Los ojos sin rostro representa la adaptación al cine de la novela de Jean Redon a manos de Franju, de quien la ponente alabó el “pensamiento poético”, al poder reflejar en sus imágenes una metáfora tan poderosa, relacionada con la existencia misma del ser humano, que el público puede interpretar de manera libre y que en su momento fue calificada como “demasiado violenta” o “nauseabunda”.

María invitó al público a reflexionar sobre el filme, comparándolo con el clásico Psicosis (Alfred Hitchcock, 1960). También hizo hincapié en que ambas producciones son contemporáneas, comparten ciertos rasgos dentro de su temática y que incluso los tintes de suspenso y violencia son similares.

Sin embargo, recalcó, la entrega de origen francés fue objeto de críticas muy negativas y estuvo al borde de la censura durante mucho tiempo, hasta que por fin ganó cierto reconocimiento a nivel cinematográfico en la década de los ochenta, poco antes de la muerte de su realizador.

En un clima de total introspección, los asistentes a la charla continuaron el diálogo con la analista y concordaron con su visión, compartiendo sus propias interpretaciones de la película y los simbolismos que en ella se encuentran, como el uso constante de espejos en varias escenas y el énfasis del director sobre las expresivas miradas de sus personajes.

Los ojos sin rostro, concluyó la especialista, puede ser incluida en el género de horror pero de orden muy realista, que infunde el temor de manera metafórica al plantear un serio cuestionamiento sobre la percepción que tiene el ser humano de su propia existencia.

“Me llevó a una reflexión sobre la identidad, sobre qué es el ser más allá de lo que se ve; si perdemos el rostro, los ojos, o algo en lo que sentimos que nos reconocemos, que nos hacia afuera. Realmente, ¿esa es la identidad?”, cuestionó la ponente.

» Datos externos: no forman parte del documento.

lemma prod_of_bool: "finite I \<Longrightarrow> (\<Prod>i\<in>I. of_bool (P i)) = (of_bool (\<forall>i\<in>I. P i) :: 'r :: comm_semiring_1)"
  by (induction I rule: finite_induct) auto

context group
begin

lemma letter_matrix_entry:
  assumes "\<And>i g. g \<in> carrier G \<Longrightarrow> A i g \<in> graded_comp G g" "fst (snd x) \<in> carrier G"
    and "a \<in> carrier G" "c \<in> carrier G"
  shows "letter_matrix A x a c = (if c = word_step G a x
      then A (fst x) (fst (snd x)) (fst (word_edge G a x)) (snd (word_edge G a x)) else 0)"
proof (cases "snd (snd x)")
  case True
  have "a = c \<otimes> fst (snd x) \<longleftrightarrow> c = a \<otimes> inv fst (snd x)"
    using assms(2-4) by (metis inv_solve_right)
  then show ?thesis
    using True assms by (auto simp: letter_matrix_def graded_comp_def gmat_transpose_def word_edge_def word_step_def)
next
  case False
  then show ?thesis
    using assms by (auto simp: letter_matrix_def graded_comp_def word_edge_def word_step_def)
qed

lemma eval_mono_eq_edge_product:
  assumes graded: "\<And>i g. g \<in> carrier G \<Longrightarrow> A i g \<in> graded_comp G g" and "finite (carrier G)"
  shows "wf_word G w \<Longrightarrow> a \<in> carrier G \<Longrightarrow> b \<in> carrier G \<Longrightarrow>
    eval_mono G A w a b
      = (if b = word_end G a w then \<Prod>i\<in>fst ` set w. edge_weight G A i (word_graph G a w i) else 0)"
proof (induction w arbitrary: a)
  case Nil
  then show ?case by (simp add: eval_mono_def gmat_one_def)
next
  case (Cons x w)
  let ?c = "word_step G a x" and ?e = "word_edge G a x" and ?i = "fst x" and ?g = "fst (snd x)"
  have g: "?g \<in> carrier G" and "?c \<in> carrier G"
    using Cons.prems word_step_closed by auto
  have "eval_mono G A (x # w) a b
      = (\<Sum>c\<in>carrier G. (if c = ?c then A ?i ?g (fst ?e) (snd ?e) else 0) * eval_mono G A w c b)"
    using letter_matrix_entry[OF graded g Cons.prems(2)]
    by (simp add: eval_mono_Cons gmat_mult_def)
  also have "\<dots> = edge_weight G A ?i ?e * eval_mono G A w ?c b"
    using \<open>?c \<in> carrier G\<close> \<open>finite (carrier G)\<close> word_edge_label[OF Cons.prems(2) g]
    by (simp add: edge_weight_def if_distrib if_distribR cong: if_cong)
  moreover have "(\<Prod>i\<in>fst ` set w. edge_weight G A i (word_graph G a (x # w) i))
      = (\<Prod>i\<in>fst ` set w. edge_weight G A i (word_graph G ?c w i))"
    using Cons.prems(1) by (intro prod.cong) (auto simp: image_iff)
  ultimately show ?case
    using Cons \<open>?c \<in> carrier G\<close> by (simp add: prod.insert)
qed

lemma eval_mono_eq_signature_eval:
  assumes "\<And>i g. g \<in> carrier G \<Longrightarrow> A i g \<in> graded_comp G g" and "finite (carrier G)"
    and "w \<in> mono_words G n" and "a \<in> carrier G" and "b \<in> carrier G"
  shows "eval_mono G A w a b = signature_eval G n A a b (word_signature G w)"
proof -
  have w: "wf_word G w" "fst ` set w = {1..n}"
    using mono_wordsD[OF assms(3)] by auto
  have "word_end G a w = a \<otimes> word_end G \<one> w"
    using word_end_translate[OF w(1) assms(4) one_closed] assms(4) by simp
  moreover have "(\<Prod>i\<in>{1..n}. edge_weight G A i (word_graph G a w i))
      = (\<Prod>i\<in>{1..n}. edge_weight G A i (map_prod ((\<otimes>) a) ((\<otimes>) a) (word_graph G \<one> w i)))"
    using word_graph_translate[OF w(1) assms(4) one_closed] assms(4) w(2) by (intro prod.cong) auto
  ultimately show ?thesis
    using eval_mono_eq_edge_product[OF assms(1,2) w(1) assms(4,5)] w(2)
    by (simp add: signature_eval_def word_signature_def)
qed

text \<open>Matrix units placed on the edges of one signature detect exactly that signature.\<close>

lemma signature_eval_indicator:
  assumes "w0 \<in> mono_words G n" "w \<in> mono_words G n"
  defines "\<sigma>0 \<equiv> word_signature G w0"
  shows "signature_eval G n (\<lambda>i g u v. of_bool (fst \<sigma>0 i = (u, v) \<and> v = u \<otimes> g)) \<one> (snd \<sigma>0) (word_signature G w)
       = of_bool (word_signature G w = \<sigma>0)"
proof -
  have w0: "wf_word G w0" "fst ` set w0 = {1..n}" and w: "wf_word G w" "fst ` set w = {1..n}"
    using mono_wordsD[OF assms(1)] mono_wordsD[OF assms(2)] by auto
  define \<Gamma> where "\<Gamma> = word_graph G \<one> w"
  define \<Gamma>0 where "\<Gamma>0 = word_graph G \<one> w0"
  have "edge_weight G (\<lambda>i g u v. of_bool (\<Gamma>0 i = (u, v) \<and> v = u \<otimes> g)) i (map_prod ((\<otimes>) \<one>) ((\<otimes>) \<one>) (\<Gamma> i))
      = of_bool (\<Gamma>0 i = \<Gamma> i)" if i: "i \<in> {1..n}" for i
  proof -
    obtain u v where uv: "\<Gamma> i = (u, v)" "u \<in> carrier G" "v \<in> carrier G"
      using word_graph_closed[OF w(1) one_closed, of i] i w(2) by (auto simp: \<Gamma>_def)
    then have "v = u \<otimes> (inv u \<otimes> v)"
      by (simp flip: m_assoc)
    then show ?thesis
      using uv by (simp add: edge_weight_def)
  qed
  then have "(\<Prod>i\<in>{1..n}. edge_weight G (\<lambda>i g u v. of_bool (\<Gamma>0 i = (u, v) \<and> v = u \<otimes> g)) i
      (map_prod ((\<otimes>) \<one>) ((\<otimes>) \<one>) (\<Gamma> i))) = (of_bool (\<forall>i\<in>{1..n}. \<Gamma>0 i = \<Gamma> i) :: complex)"
    by (simp add: prod_of_bool)
  also have "(\<forall>i\<in>{1..n}. \<Gamma>0 i = \<Gamma> i) \<longleftrightarrow> \<Gamma> = \<Gamma>0"
    using word_graph_extensional[of G \<one> w] word_graph_extensional[of G \<one> w0] w(2) w0(2)
    by (auto simp: \<Gamma>_def \<Gamma>0_def intro: extensionalityI)
  finally show ?thesis
    using word_end_closed[OF w(1) one_closed]
    by (auto simp: signature_eval_def \<sigma>0_def word_signature_def \<Gamma>_def \<Gamma>0_def)
qed

lemma fibre_sum_eq_0_if_Pn_Id:
  assumes "finite (carrier G)" and "c \<in> Pn_Id G n" and "w0 \<in> mono_words G n"
  shows "(\<Sum>w\<in>{w\<in>mono_words G n. word_signature G w = word_signature G w0}. c w) = 0"
proof -
  define \<sigma> where "\<sigma> = word_signature G w0"
  define A where "A = (\<lambda>i g u v. of_bool (fst \<sigma> i = (u, v) \<and> v = u \<otimes> g) :: complex)"
  have graded: "A i g \<in> graded_comp G g" for i g
    by (simp add: A_def graded_comp_def)
  have "snd \<sigma> \<in> carrier G"
    using word_end_closed[OF mono_wordsD(1)[OF assms(3)] one_closed] by (simp add: \<sigma>_def word_signature_def)
  then have "0 = (\<Sum>w\<in>mono_words G n. of_rat (c w) * eval_mono G A w \<one> (snd \<sigma>))"
    using assms(2) graded by (simp add: Pn_Id_def)
  also have "\<dots> = (\<Sum>w\<in>mono_words G n. of_rat (c w) * of_bool (word_signature G w = \<sigma>))"
    using eval_mono_eq_signature_eval[OF graded assms(1) _ one_closed \<open>snd \<sigma> \<in> carrier G\<close>]
      signature_eval_indicator[OF assms(3)]
    by (intro sum.cong) (simp_all add: A_def \<sigma>_def)
  also have "\<dots> = of_rat (\<Sum>w\<in>{w\<in>mono_words G n. word_signature G w = \<sigma>}. c w)"
    using finite_mono_words[OF assms(1)] by (simp add: of_rat_sum Int_def)
  finally show ?thesis
    by (simp add: \<sigma>_def)
qed

lemma Pn_Id_if_fibre_sums_eq_0:
  assumes "finite (carrier G)" and "c \<in> supported_in (mono_words G n)"
    and "\<forall>\<sigma>\<in>word_signature G ` mono_words G n. (\<Sum>w\<in>{w\<in>mono_words G n. word_signature G w = \<sigma>}. c w) = 0"
  shows "c \<in> Pn_Id G n"
proof -
  have "(\<Sum>w\<in>mono_words G n. of_rat (c w) * eval_mono G A w a b) = 0"
    if "\<forall>i g. g \<in> carrier G \<longrightarrow> A i g \<in> graded_comp G g" "a \<in> carrier G" "b \<in> carrier G" for A a b
  proof -
    have "(\<Sum>w\<in>mono_words G n. of_rat (c w) * eval_mono G A w a b)
        = (\<Sum>w\<in>mono_words G n. of_rat (c w) * signature_eval G n A a b (word_signature G w))"
      using eval_mono_eq_signature_eval[OF _ assms(1) _ that(2,3)] that(1) by (intro sum.cong) auto
    also have "\<dots> = 0"
      using assms(3) finite_mono_words[OF assms(1)] by (intro sum_eq_0_if_fibre_sums_eq_0) auto
    finally show ?thesis .
  qed
  then show "c \<in> Pn_Id G n"
    using assms(2) by (simp add: Pn_Id_def Pn_def supported_in_def)
qed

El ciclo de Charlas sobre cine francés llegará a su fin el próximo lunes 26 de septiembre en punto de las 18:00 horas, con la proyección de Ascensor para el cadalso (Ascenseur pour l’échafaud, Louis Malle, 1957), comentada por Ana García Bergua. La entrada es libre solicitando las cortesías de acceso en la taquilla 5 de la Cineteca Nacional.